Víctor García Raja (born 16 September 1997) is a Spanish professional footballer who plays as either a right-back or a winger for Levante UD.

==Career==
García was born in Valencia, and represented CF Torre Levante as a youth. On 12 January 2014, aged just 17, he made his first-team debut by playing the last ten minutes in a 0–4 Tercera División away loss against UD Alzira.

García was definitely promoted to the main squad in 2016, and scored a career-best 11 goals during the 2017–18 campaign; highlights included a brace in a 3–0 home win against CD Almazora. On 12 June 2018, he signed a two-year contract with Deportivo de La Coruña and was assigned to the reserves in Segunda División B.

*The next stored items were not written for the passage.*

(* Let $\lambda>0$ and let $(u_n)\subset E_\lambda$ satisfy $\Psi_\lambda(u_n)=c_\lambda+o_n(1)$ and $$\|v\|_\lambda-\|u_n\|_\lambda\ge\int_{\mathbb{R}^N}f(u_n)(v-u_n)\,dx-\tau_n\|v-u_n\|_\lambda\quad\text{for all } v\in E_\lambda,$$ where $\tau_n\to0$. Then $(u_n)$ is bounded in $E_\lambda$.
   Context: $N\ge2$, $1^*=N/(N-1)$. $f$ satisfies: $(f_1)$ $f\in C(\mathbb{R})$; $(f_2)$ $f(s)=o(1)$ as $s\to0$; $(f_3)$ $|f(s)|\le c_1+c_2|s|^{p-1}$ for some $c_1,c_2>0$, $p\in(1,1^* )$; $(f_4)$ there is $\theta>1$ with $0<\theta F(s)\le f(s)s$ for $s\ne0$, $F(s)=\int_0^sf$; $(f_5)$ $f$ increasing. $V:\mathbb{R}^N\to\mathbb{R}$ satisfies $V\ge0$, $|\{V\le M_0\}|<\infty$ for some $M_0>0$, and $\Omega=\mathrm{int}(V^{-1}(\{0\}))\ne\emptyset$. $E_\lambda=\{u\in BV(\mathbb{R}^N):\int(1+\lambda V)|u|<\infty\}$, $\|u\|_\lambda=\int_{\mathbb{R}^N}|Du|+\int_{\mathbb{R}^N}(1+\lambda V(x))|u|\,dx$, $\Psi_\lambda(u)=\|u\|_\lambda-\int_{\mathbb{R}^N}F(u)\,dx$. $c_\lambda=\inf_{\gamma\in\Gamma_\lambda}\max_{t\in[0,1]}\Psi_\lambda(\gamma(t))$, $\Gamma_\lambda=\{\gamma\in C([0,1],E_\lambda):\gamma(0)=0,\ \Psi_\lambda(\gamma(1))<0\}$. *)

theory Defs
  imports "HOL-Analysis.Analysis"
begin

definition test_field :: "('a::euclidean_space \<Rightarrow> 'a) \<Rightarrow> ('a \<Rightarrow> 'a \<Rightarrow>\<^sub>L 'a) \<Rightarrow> bool" where
  "test_field \<phi> \<phi>' \<longleftrightarrow>
     (\<forall>x. (\<phi> has_derivative blinfun_apply (\<phi>' x)) (at x)) \<and>
     continuous_on UNIV \<phi>' \<and>
     compact (closure {x. \<phi> x \<noteq> 0}) \<and>
     (\<forall>x. norm (\<phi> x) \<le> 1)"

definition divergence :: "('a::euclidean_space \<Rightarrow> 'a \<Rightarrow>\<^sub>L 'a) \<Rightarrow> 'a \<Rightarrow> real" where
  "divergence \<phi>' x = (\<Sum>i\<in>Basis. (blinfun_apply (\<phi>' x) i) \<bullet> i)"

definition total_variation :: "('a::euclidean_space \<Rightarrow> real) \<Rightarrow> ereal" where
  "total_variation u =
     (SUP \<phi>\<in>{(\<phi>, \<phi>'). test_field \<phi> \<phi>'}.
        ereal (\<integral>x. u x * divergence (snd \<phi>) x \<partial>lebesgue))"

definition BV :: "('a::euclidean_space \<Rightarrow> real) set" where
  "BV = {u. integrable lebesgue u \<and> total_variation u < \<infinity>}"

definition E_sp :: "('a::euclidean_space \<Rightarrow> real) \<Rightarrow> real \<Rightarrow> ('a \<Rightarrow> real) set" where
  "E_sp V lm = {u. u \<in> BV \<and> integrable lebesgue (\<lambda>x. (1 + lm * V x) * \<bar>u x\<bar>)}"

definition norm_E :: "('a::euclidean_space \<Rightarrow> real) \<Rightarrow> real \<Rightarrow> ('a \<Rightarrow> real) \<Rightarrow> real" where
  "norm_E V lm u = real_of_ereal (total_variation u) + (\<integral>x. (1 + lm * V x) * \<bar>u x\<bar> \<partial>lebesgue)"

definition prim :: "(real \<Rightarrow> real) \<Rightarrow> real \<Rightarrow> real" where
  "prim f s = (LBINT t=0..s. f t)"

definition Psi :: "('a::euclidean_space \<Rightarrow> real) \<Rightarrow> real \<Rightarrow> (real \<Rightarrow> real) \<Rightarrow> ('a \<Rightarrow> real) \<Rightarrow> real" where
  "Psi V lm f u = norm_E V lm u - (\<integral>x. prim f (u x) \<partial>lebesgue)"

definition Gamma :: "('a::euclidean_space \<Rightarrow> real) \<Rightarrow> real \<Rightarrow> (real \<Rightarrow> real) \<Rightarrow> (real \<Rightarrow> 'a \<Rightarrow> real) set" where
  "Gamma V lm f = {\<gamma>.
     (\<forall>t\<in>{0..1}. \<gamma> t \<in> E_sp V lm) \<and>
     (\<forall>t\<in>{0..1}. \<forall>\<epsilon>>0. \<exists>\<delta>>0. \<forall>s\<in>{0..1}. \<bar>s - t\<bar> < \<delta> \<longrightarrow>
         norm_E V lm (\<lambda>x. \<gamma> s x - \<gamma> t x) < \<epsilon>) \<and>
     (AE x in lebesgue. \<gamma> 0 x = 0) \<and>
     Psi V lm f (\<gamma> 1) < 0}"

definition mp_level :: "('a::euclidean_space \<Rightarrow> real) \<Rightarrow> real \<Rightarrow> (real \<Rightarrow> real) \<Rightarrow> 'a itself \<Rightarrow> real" where
  "mp_level V lm f _ = Inf ((\<lambda>\<gamma>. Sup ((\<lambda>t. Psi V lm f (\<gamma> t)) ` {0..1})) ` Gamma V lm f)"

end

theory Submission
  imports Defs
begin

text \<open>Testing the approximate criticality of \<open>u\<^sub>n\<close> with \<open>v = 2u\<^sub>n\<close> gives
  \<open>\<integral>f(u\<^sub>n)u\<^sub>n \<le> (1 + \<tau>\<^sub>n)\<parallel>u\<^sub>n\<parallel>\<^sub>\<lambda>\<close>. The Ambrosetti--Rabinowitz condition \<open>\<theta>F(s) \<le> f(s)s\<close>
  then yields \<open>\<Psi>\<^sub>\<lambda>(u\<^sub>n) \<ge> (1 - (1 + \<tau>\<^sub>n)/\<theta>)\<parallel>u\<^sub>n\<parallel>\<^sub>\<lambda>\<close>, and the left-hand side is bounded
  above because it converges. Only \<open>(f\<^sub>4)\<close>, \<open>V \<ge> 0\<close> and \<open>\<lambda> > 0\<close> are needed.\<close>

lemma test_field_zero: "test_field (\<lambda>_. 0::'a::euclidean_space) (\<lambda>_. 0)"
  unfolding test_field_def by (auto simp: zero_blinfun.rep_eq)

lemma test_field_uminus:
  assumes "test_field \<phi> \<phi>'"
  shows "test_field (\<lambda>x. - \<phi> x) (\<lambda>x. - \<phi>' x)"
proof -
  have "((\<lambda>x. - \<phi> x) has_derivative blinfun_apply (- \<phi>' x)) (at x)" for x
    using assms has_derivative_minus unfolding test_field_def uminus_blinfun.rep_eq by fastforce
  moreover have "{x. - \<phi> x \<noteq> 0} = {x. \<phi> x \<noteq> 0}" by auto
  ultimately show ?thesis
    using assms unfolding test_field_def by (auto intro: continuous_on_minus)
qed

lemma divergence_uminus: "divergence (\<lambda>x. - \<phi>' x) x = - divergence \<phi>' x"
  unfolding divergence_def by (simp add: uminus_blinfun.rep_eq sum_negf)

lemma total_variation_nonneg: "0 \<le> total_variation (u :: 'a::euclidean_space \<Rightarrow> real)"
proof -
  have "ereal (\<integral>x. u x * divergence (\<lambda>_. 0::'a \<Rightarrow>\<^sub>L 'a) x \<partial>lebesgue) \<le> total_variation u"
    unfolding total_variation_def
    by (rule SUP_upper2[where i="(\<lambda>_. 0, \<lambda>_. 0)"]) (auto simp: test_field_zero)
  then show ?thesis by (simp add: divergence_def zero_ereal_def)
qed

lemma total_variation_uminus_le:
  "total_variation (\<lambda>x. - u x) \<le> total_variation (u :: 'a::euclidean_space \<Rightarrow> real)"
  unfolding total_variation_def
proof (rule SUP_least, clarify)
  fix \<phi> :: "'a \<Rightarrow> 'a" and \<phi>' :: "'a \<Rightarrow> 'a \<Rightarrow>\<^sub>L 'a"
  assume "test_field \<phi> \<phi>'"
  then have "ereal (\<integral>x. u x * divergence (\<lambda>x. - \<phi>' x) x \<partial>lebesgue)
      \<le> (SUP p\<in>{(\<phi>, \<phi>'). test_field \<phi> \<phi>'}. ereal (\<integral>x. u x * divergence (snd p) x \<partial>lebesgue))"
    by (intro SUP_upper2[where i="(\<lambda>x. - \<phi> x, \<lambda>x. - \<phi>' x)"]) (auto intro: test_field_uminus)
  then show "ereal (\<integral>x. - u x * divergence (snd (\<phi>, \<phi>')) x \<partial>lebesgue)
      \<le> (SUP p\<in>{(\<phi>, \<phi>'). test_field \<phi> \<phi>'}. ereal (\<integral>x. u x * divergence (snd p) x \<partial>lebesgue))"
    by (simp add: divergence_uminus)
qed

lemma total_variation_uminus:
  "total_variation (\<lambda>x. - u x) = total_variation (u :: 'a::euclidean_space \<Rightarrow> real)"
  using total_variation_uminus_le[of u] total_variation_uminus_le[of "\<lambda>x. - u x"]
  by (simp add: antisym)

lemma total_variation_cmult_nonneg:
  assumes "0 \<le> c"
  shows "total_variation (\<lambda>x. c * u x) = ereal c * total_variation (u :: 'a::euclidean_space \<Rightarrow> real)"
proof -
  let ?T = "{(\<phi>, \<phi>'). test_field \<phi> \<phi>'} :: (('a \<Rightarrow> 'a) \<times> ('a \<Rightarrow> 'a \<Rightarrow>\<^sub>L 'a)) set"
  have "?T \<noteq> {}"
    using test_field_zero by blast
  have "total_variation (\<lambda>x. c * u x)
      = (SUP p\<in>?T. ereal c * ereal (\<integral>x. u x * divergence (snd p) x \<partial>lebesgue))"
    unfolding total_variation_def by (simp add: mult.assoc)
  also have "\<dots> = ereal c * total_variation u"
    unfolding total_variation_def by (rule Sup_ereal_mult_left'[OF \<open>?T \<noteq> {}\<close> assms, symmetric])
  finally show ?thesis .
qed

lemma total_variation_cmult:
  "total_variation (\<lambda>x. c * u x) = ereal \<bar>c\<bar> * total_variation (u :: 'a::euclidean_space \<Rightarrow> real)"
proof (cases "0 \<le> c")
  case False
  then have "(\<lambda>x. c * u x) = (\<lambda>x. \<bar>c\<bar> * - u x)" by auto
  then show ?thesis
    using total_variation_cmult_nonneg[of "\<bar>c\<bar>" "\<lambda>x. - u x"] by (simp add: total_variation_uminus)
qed (simp add: total_variation_cmult_nonneg)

García made his professional debut on 12 September 2018, starting in a 1–2 away loss against Real Zaragoza, for the season's Copa del Rey. The following 26 July, he moved to another reserve team, Real Valladolid B also in the third division, on a two-year deal.

García made his main squad – and La Liga – on 7 July 2020, starting in a 1–2 away loss against Valencia CF. On 6 August, he extended his contract until 2023 and was loaned to Segunda División newcomers CE Sabadell FC for one year.

On 27 August 2021, García returned to Dépor on loan for one year, with the club now in Primera División RFEF. On 16 August of the following year, he moved to fellow league team AD Alcorcón on a permanent deal.

On 2 July 2023, after helping Alkor in their promotion to division two, García renewed his link for a further year. On 26 June of the following year, after suffering relegation, he moved to CD Eldense on a two-year deal.

On 3 July 2025, after another relegation, García agreed to a two-year contract with Levante UD in the top tier.